The full public API is 43 names exported from safeatomic. Internal modules are underscore-prefixed and are not part of the public contract.

  • IO core (7): AtomicWriter, AtomicReader, write_atomic, write_atomic_bytes, read_atomic, read_atomic_bytes, move_atomic
  • Locks (9): try_acquire_lock, release_lock, force_release_lock, is_locked, inspect_lock, get_lock_age, is_stale_lock, release_stale_lock, LockInfo
  • Checksum (6): compute_hash_file, compute_hash_data, verify_checksum, write_checksum_file, get_checksum_info, ChecksumInfo
  • Formats (8): atomic_json_dump/atomic_json_load, atomic_yaml_dump/atomic_yaml_load, atomic_yaml_dump_ruamel/atomic_yaml_load_ruamel (require [ruamel] extra), atomic_toml_dump/atomic_toml_load
  • Guarantees (3): inspect_guarantees, GuaranteeReport, Environment
  • Doctor (3): doctor, DoctorReport, DoctorCheck
  • Config (1): safeatomic_configContextVar-backed defaults for encoding, checksum_algo, retries, delay.

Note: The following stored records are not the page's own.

(* With the setup in the context, fix $X\subseteq E\setminus B$ and $Y\subseteq E$. Suppose the message $\mathbf{m}\in A^{E\setminus B}$ is chosen uniformly at random, and the transmitted word $\mathbf{w}\in C_{\mathbf{m}}$ is then chosen uniformly at random; let $\mathbf{M}=\mathbf{m}_X$ and $\mathbf{t}=\mathbf{w}_Y$. Then the conditional entropy (with logarithms to base $|A|$) $H(\mathbf{m}\mid\mathbf{t},\mathbf{M})=\sum_{\mathbf{M}\in A^X,\mathbf{t}\in A^Y}p(\mathbf{M},\mathbf{t})\sum_{\mathbf{m}\in A^{E\setminus B}}p(\mathbf{m}\mid\mathbf{t},\mathbf{M})\log_{|A|}\frac{1}{p(\mathbf{m}\mid\mathbf{t},\mathbf{M})}$ (with $0\log\frac10=0$) equals $n-k-|X|-\rho_X(Y)$.
   Context: An almost affine code over a finite alphabet $A$ of length $n$ and dimension $k$ is a subset $C\subseteq A^n$ with $|C|=|A|^k$ such that for every $X\subseteq E=\{1,\dots,n\}$, $\log_{|A|}|C_X|$ is a nonnegative integer ($C_X$ = projection onto coordinates $X$); its associated matroid $M_C$ has rank function $r(X)=\log_{|A|}|C_X|$. Setup: $C$ is an almost affine code of length $n$ and dimension $k$ over $A$ with matroid rank function $r$; $B\subseteq E$ is a basis of $M_C$; $\varphi:A\times A\to A$ is such that for every $y\in A$ both $\varphi(y,\cdot)$ and $\varphi(\cdot,y)$ are bijections. For $\mathbf{m}\in A^{E\setminus B}$, $\Phi_{\mathbf{m}}(\mathbf{w})_i=\mathbf{w}_i$ for $i\in B$ and $=\varphi(\mathbf{w}_i,\mathbf{m}_i)$ for $i\in E\setminus B$, and $C_{\mathbf{m}}=\Phi_{\mathbf{m}}(C)$. For $X\subseteq E\setminus B$ and $\mathbf{M}\in A^X$, $D_{X,\mathbf{M}}=\bigcup_{\mathbf{m}_X=\mathbf{M}}C_{\mathbf{m}}$, an almost affine code with rank function $r_D(Y)=|Y\setminus(B\cup X)|+r(Y\cap(B\cup X))$ (independent of $\mathbf{M}$), and $\rho_X(Y)=r_D(Y)-r(Y)$. *)

theory Defs
  imports "HOL-Probability.Probability"
begin

text \<open>Words of length n over the alphabet A are elements of PiE {1..n} (\<lambda>_. A).\<close>

definition proj :: "(nat \<Rightarrow> 'a) set \<Rightarrow> nat set \<Rightarrow> (nat \<Rightarrow> 'a) set" where
  "proj C X = (\<lambda>w. restrict w X) ` C"

definition almost_affine :: "'a set \<Rightarrow> nat \<Rightarrow> nat \<Rightarrow> (nat \<Rightarrow> 'a) set \<Rightarrow> bool" where
  "almost_affine A n k C \<longleftrightarrow>
     C \<subseteq> PiE {1..n} (\<lambda>_. A) \<and> card C = card A ^ k \<and>
     (\<forall>X \<subseteq> {1..n}. log (card A) (card (proj C X)) \<in> \<nat>)"

definition code_rank :: "'a set \<Rightarrow> (nat \<Rightarrow> 'a) set \<Rightarrow> nat set \<Rightarrow> real" where
  "code_rank A C X = log (card A) (card (proj C X))"

definition is_basis :: "'a set \<Rightarrow> nat \<Rightarrow> (nat \<Rightarrow> 'a) set \<Rightarrow> nat set \<Rightarrow> bool" where
  "is_basis A n C B \<longleftrightarrow> B \<subseteq> {1..n} \<and> code_rank A C B = real (card B) \<and>
     (\<forall>B'. B \<subseteq> B' \<and> B' \<subseteq> {1..n} \<and> code_rank A C B' = real (card B') \<longrightarrow> B' = B)"

definition Phi :: "nat \<Rightarrow> nat set \<Rightarrow> ('a \<Rightarrow> 'a \<Rightarrow> 'a) \<Rightarrow> (nat \<Rightarrow> 'a) \<Rightarrow> (nat \<Rightarrow> 'a) \<Rightarrow> (nat \<Rightarrow> 'a)" where
  "Phi n B \<phi> m w = (\<lambda>i. if i \<in> B then w i else if i \<in> {1..n} then \<phi> (w i) (m i) else undefined)"

definition Cm :: "nat \<Rightarrow> nat set \<Rightarrow> ('a \<Rightarrow> 'a \<Rightarrow> 'a) \<Rightarrow> (nat \<Rightarrow> 'a) set \<Rightarrow> (nat \<Rightarrow> 'a) \<Rightarrow> (nat \<Rightarrow> 'a) set" where
  "Cm n B \<phi> C m = Phi n B \<phi> m ` C"

definition rank_D :: "'a set \<Rightarrow> (nat \<Rightarrow> 'a) set \<Rightarrow> nat set \<Rightarrow> nat set \<Rightarrow> nat set \<Rightarrow> real" where
  "rank_D A C B X Y = real (card (Y - (B \<union> X))) + code_rank A C (Y \<inter> (B \<union> X))"

definition rho :: "'a set \<Rightarrow> (nat \<Rightarrow> 'a) set \<Rightarrow> nat set \<Rightarrow> nat set \<Rightarrow> nat set \<Rightarrow> real" where
  "rho A C B X Y = rank_D A C B X Y - code_rank A C Y"

definition msg_word_pmf :: "'a set \<Rightarrow> nat \<Rightarrow> nat set \<Rightarrow> ('a \<Rightarrow> 'a \<Rightarrow> 'a) \<Rightarrow> (nat \<Rightarrow> 'a) set
    \<Rightarrow> ((nat \<Rightarrow> 'a) \<times> (nat \<Rightarrow> 'a)) pmf" where
  "msg_word_pmf A n B \<phi> C =
     do { m \<leftarrow> pmf_of_set (PiE ({1..n} - B) (\<lambda>_. A));
          w \<leftarrow> pmf_of_set (Cm n B \<phi> C m);
          return_pmf (m, w) }"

Guarantee-affecting kwargs (safety, concurrency, preserve_metadata, write_checksum) cannot be set via config and must remain explicit at call sites.
  • Exceptions + warnings (6): SafeAtomicError, UnsupportedEnvironmentError, UnsupportedEnvironmentWarning, ChecksumMismatchError, CrossDeviceAtomicityError, LockError

See docs/index.md for the full reference.

Formal protocol models

safeatomic includes small TLA+ models for its abstract core protocol:

  • atomic replacement visibility (SafeAtomicSmoke);
  • cooperative lock lifecycle (SafeAtomicLock);
  • checksum sidecar verification (SafeAtomicChecksum).

These models are checked with TLC under documented assumptions. They do not verify the Python implementation, operating systems, filesystems, serializers, hardware, or deployment environments. os.replace atomicity, fsync durability, and PID semantics are assumptions of the model, not theorems about your machine.

The models, their configurations, the runner script, and the raw TLC output from the canonical run live in formal/ and formal/reports/. A summary is in docs/formal-models.md.

In practice this means a three-layer evidence stack: TLA+ fixes the contract; the test suite exercises the implementation against that contract; doctor() and inspect_guarantees() report the actual capabilities of the specific path you are using.

The formal/ directory is included in the source distribution but excluded from the installed wheel, so pip install safeatomic stays code-only.

What it is not

  • Not a database. No queries, no schema, no multi-record transactions.
  • Not a drop-in replacement for python-atomicwrites. Different API surface, different scope, different guarantees.
  • Not a distributed coordination primitive. Locks are cooperative whole-file locks on a single host.

The scope of the lock model is summarised as:

safeatomic provides cooperative whole-file coordination, not database concurrency control.

For cross-host coordination, use a database or a distributed lock manager (etcd, consul, redis). For multi-record transactions, use sqlite.

Versioning

Semantic Versioning with one extension: weakening any documented guarantee is a major version bump, even when no signatures change. See CHANGELOG.md.

Deprecated symbols live for at least one major version cycle before removal.

Logging

The library uses logging.getLogger("safeatomic") for diagnostics. It does not configure a handler; consumers configure logging as they wish.

Contributing

See CONTRIBUTING.md.

Security

See SECURITY.md for the vulnerability reporting policy.